Blocking all public access to an S3 bucket.
Blocking all public access to an S3 bucket.

Securing CloudFront distributions

At its core, CloudFront is a Content Delivery Network (CDN) which (apart from a caching layer) does not store any data. Therefore, in the context of securing our frontend’s CloudFront distribution, it makes sense to mainly talk about: securing data in transit and managing access control.

Our CloudFront distribution is the only entry point to our application. This means that all user requests will need to go through that CloudFront distribution. CloudFront also enables putting multiple origins behind a single distribution. This enables us to expose multiple S3 buckets through a single distribution, i.e., single (sub-)domain. All this makes securing our CloudFront distribution a very important issue.

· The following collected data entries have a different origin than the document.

(* Let $n,s\in\mathbb{N}$ and let $p_{X,Y}\in\mathcal{E}[0,1]^2_n$ have weights $w_{k_1,k_2}$ that depend only on $k_2$, i.e. $w_{k_1,k_2}=w_{k_2}$ for all $k_1,k_2\in\{0,\dots,n-1\}$ (where $k_1$ indexes the $x$-coordinate and $k_2$ the $y$-coordinate of the cell). Then there exists a ReLU network $\Phi\in\mathcal{N}_{1,2}$ with connectivity $\mathcal{M}(\Phi)\le 6n+24s+2$ and depth $\mathcal{L}(\Phi)=s+3$ such that \[ W(\Phi\#U,\,p_{X,Y})\le\frac{2\sqrt2}{2^s}. \]
   Context: $\mathcal{E}[0,1]^2_n$: densities $p(x,y)=\sum_{k_1,k_2=0}^{n-1}w_{k_1,k_2}\chi_{[k_1/n,(k_1+1)/n]\times[k_2/n,(k_2+1)/n]}(x,y)$ with all $w_{k_1,k_2}>0$ and $\sum w_{k_1,k_2}=n^2$. A ReLU network of depth $L\ge2$ is $\Phi=W_L\circ\rho\circ W_{L-1}\circ\cdots\circ\rho\circ W_1$ with affine $W_\ell(x)=A_\ell x+b_\ell$ and $\rho(x)=\max(x,0)$ componentwise; $\mathcal{L}(\Phi)=L$; $\mathcal{M}(\Phi)$ is the total number of nonzero entries of all $A_\ell,b_\ell$; $\mathcal{N}_{d,d'}$ is the set of such networks with input dimension $d$, output dimension $d'$. $U$ is uniform on $[0,1]$, $\#$ is push-forward, and $W$ is the 1-Wasserstein distance $W(\mu,\nu)=\inf_\pi\int|x-y|d\pi$ over couplings of $\mu,\nu$ with Euclidean norm. *)

theory Defs
  imports "HOL-Analysis.Analysis"
begin

(* A layer: (output dim m, input dim d, matrix A (entries A i j, i<m, j<d), bias b (b i, i<m)). *)
type_synonym layer = "nat \<times> nat \<times> (nat \<Rightarrow> nat \<Rightarrow> real) \<times> (nat \<Rightarrow> real)"

definition layer_out :: "layer \<Rightarrow> nat" where "layer_out l = fst l"
definition layer_in :: "layer \<Rightarrow> nat" where "layer_in l = fst (snd l)"
definition layer_mat :: "layer \<Rightarrow> nat \<Rightarrow> nat \<Rightarrow> real" where "layer_mat l = fst (snd (snd l))"
definition layer_bias :: "layer \<Rightarrow> nat \<Rightarrow> real" where "layer_bias l = snd (snd (snd l))"

(* affine map W(x) = A x + b, vectors represented as nat \<Rightarrow> real (only first entries relevant) *)
definition affine_apply :: "layer \<Rightarrow> (nat \<Rightarrow> real) \<Rightarrow> (nat \<Rightarrow> real)" where
  "affine_apply l x = (\<lambda>i. if i < layer_out l
      then (\<Sum>j<layer_in l. layer_mat l i j * x j) + layer_bias l i else 0)"

definition relu :: "(nat \<Rightarrow> real) \<Rightarrow> (nat \<Rightarrow> real)" where
  "relu x = (\<lambda>i. max (x i) 0)"

(* realization  W_L o rho o W_{L-1} o ... o rho o W_1 ; list is [W_1, ..., W_L] *)
fun realize :: "layer list \<Rightarrow> (nat \<Rightarrow> real) \<Rightarrow> (nat \<Rightarrow> real)" where
  "realize [] x = x"
| "realize [l] x = affine_apply l x"
| "realize (l # ls) x = realize ls (relu (affine_apply l x))"

definition is_relu_net :: "nat \<Rightarrow> nat \<Rightarrow> layer list \<Rightarrow> bool" where
  "is_relu_net d d' ls \<longleftrightarrow> length ls \<ge> 2 \<and> layer_in (hd ls) = d \<and> layer_out (last ls) = d'
     \<and> (\<forall>i. Suc i < length ls \<longrightarrow> layer_out (ls ! i) = layer_in (ls ! Suc i))"

definition net_depth :: "layer list \<Rightarrow> nat" where
  "net_depth ls = length ls"

definition layer_nnz :: "layer \<Rightarrow> nat" where
  "layer_nnz l = card {(i, j). i < layer_out l \<and> j < layer_in l \<and> layer_mat l i j \<noteq> 0}
               + card {i. i < layer_out l \<and> layer_bias l i \<noteq> 0}"

definition net_connectivity :: "layer list \<Rightarrow> nat" where
  "net_connectivity ls = (\<Sum>l\<leftarrow>ls. layer_nnz l)"

definition net_fun_1_2 :: "layer list \<Rightarrow> real \<Rightarrow> real \<times> real" where
  "net_fun_1_2 ls t = (let y = realize ls (\<lambda>i. if i = 0 then t else 0) in (y 0, y 1))"

definition unif01 :: "real measure" where
  "unif01 = uniform_measure lborel {0..1}"

definition pushforward :: "('a \<Rightarrow> 'b::topological_space) \<Rightarrow> 'a measure \<Rightarrow> 'b measure" where
  "pushforward f \<mu> = distr \<mu> borel f"

definition couplings :: "'a::topological_space measure \<Rightarrow> 'a measure \<Rightarrow> ('a \<times> 'a) measure set" where
  "couplings \<mu> \<nu> = {\<pi>. sets \<pi> = sets (borel \<Otimes>\<^sub>M borel) \<and>
       distr \<pi> borel fst = \<mu> \<and> distr \<pi> borel snd = \<nu>}"

(* 1-Wasserstein distance (Euclidean norm on R^2 = real \<times> real) *)
definition wasserstein1 :: "'a::metric_space measure \<Rightarrow> 'a measure \<Rightarrow> ennreal" where
  "wasserstein1 \<mu> \<nu> = (INF \<pi>\<in>couplings \<mu> \<nu>. \<integral>\<^sup>+ z. ennreal (dist (fst z) (snd z)) \<partial>\<pi>)"

definition pw_density :: "nat \<Rightarrow> (nat \<Rightarrow> nat \<Rightarrow> real) \<Rightarrow> real \<times> real \<Rightarrow> real" where
  "pw_density n w = (\<lambda>(x, y). \<Sum>k1<n. \<Sum>k2<n. w k1 k2 *
      indicator ({real k1 / n .. (real k1 + 1) / n} \<times> {real k2 / n .. (real k2 + 1) / n}) (x, y))"

definition E2_weights :: "nat \<Rightarrow> (nat \<Rightarrow> nat \<Rightarrow> real) \<Rightarrow> bool" where
  "E2_weights n w \<longleftrightarrow> (\<forall>k1<n. \<forall>k2<n. w k1 k2 > 0) \<and> (\<Sum>k1<n. \<Sum>k2<n. w k1 k2) = real n ^ 2"

definition density_measure :: "(real \<times> real \<Rightarrow> real) \<Rightarrow> (real \<times> real) measure" where
  "density_measure p = density lborel (\<lambda>z. ennreal (p z))"

end

(*
  The target measure is the law of (A, Q B) for independent uniform A and B, where Q is the
  quantile function of the y-marginal.  Q is piecewise linear with n pieces, hence a sum of
  n ramps, which two ReLU layers compute exactly.  The x-coordinate is produced by the tent
  map T, one application per layer: T^m maps each of the 2^m dyadic cells of [0, 1] affinely
  onto [0, 1].  Let t be the point of the dyadic cell of B that T^m sends to A.  Then t is
  again uniform, and the network output (T^m t, Q t) = (A, Q t) differs from (A, Q B) by at
  most the oscillation of the monotone Q on that cell.  These oscillations add up to
  Q 1 - Q 0 = 1, so this coupling costs at most 2^-m, and depth s + 3 affords m = s + 2.
*)
theory Submission
  imports Defs
begin

section \<open>Tent map\<close>

definition tent :: "real \<Rightarrow> real" where
  "tent x = 2 * max x 0 - 4 * max (x - 1/2) 0"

Access control with CloudFront’s signed URLs

By restricting the access to our S3 bucket to CloudFront only, we have already significantly restricted the access controls. However, some data might require an additional layer of security. Enter CloudFront signed URLs.

Signed URLs are a very useful feature, which probably deserves an article in itself. Here I briefly discuss when and how to use them, as our security best practices would be incomplete without the signed URLs.

We usually decide to additionally protect S3 objects, when we don’t want them readable by everyone on the Web. This can be since the data is sensitive (e.g., user’s purchase invoices) or it should be only accessible to the paying users (e.g., course videos). For example, private user files should be accessible only to that specific user and not to everyone on the Web. Below an example of a signed URL, which can be used to access user_invoice.pdf.

https://example.com/user_invoice.pdf?Expires=1622924658&Signature=9MwQEvSlsWvNfv9GrW71WMiG4X...&Key-Pair-Id=APKAJXX2ABBXX6HIX

We notice that it is just a regular URL, which has three parameters appended at the end. Expires, which determines for how long the URL is valid, the (hashed and signed)Signature itself and Key-Pair-Id of a public key used to generate the Signature. If any of the parameters is omitted or incorrect CloudFront will return Forbidden, with HTTP 403 status code. Note also that in our example the signature is shortened for readability.

Generating a CloudFront signed URL and retrieving a S3 file with the signed URL (by the author).
Generating a CloudFront signed URL and retrieving a S3 file with the signed URL (by the author).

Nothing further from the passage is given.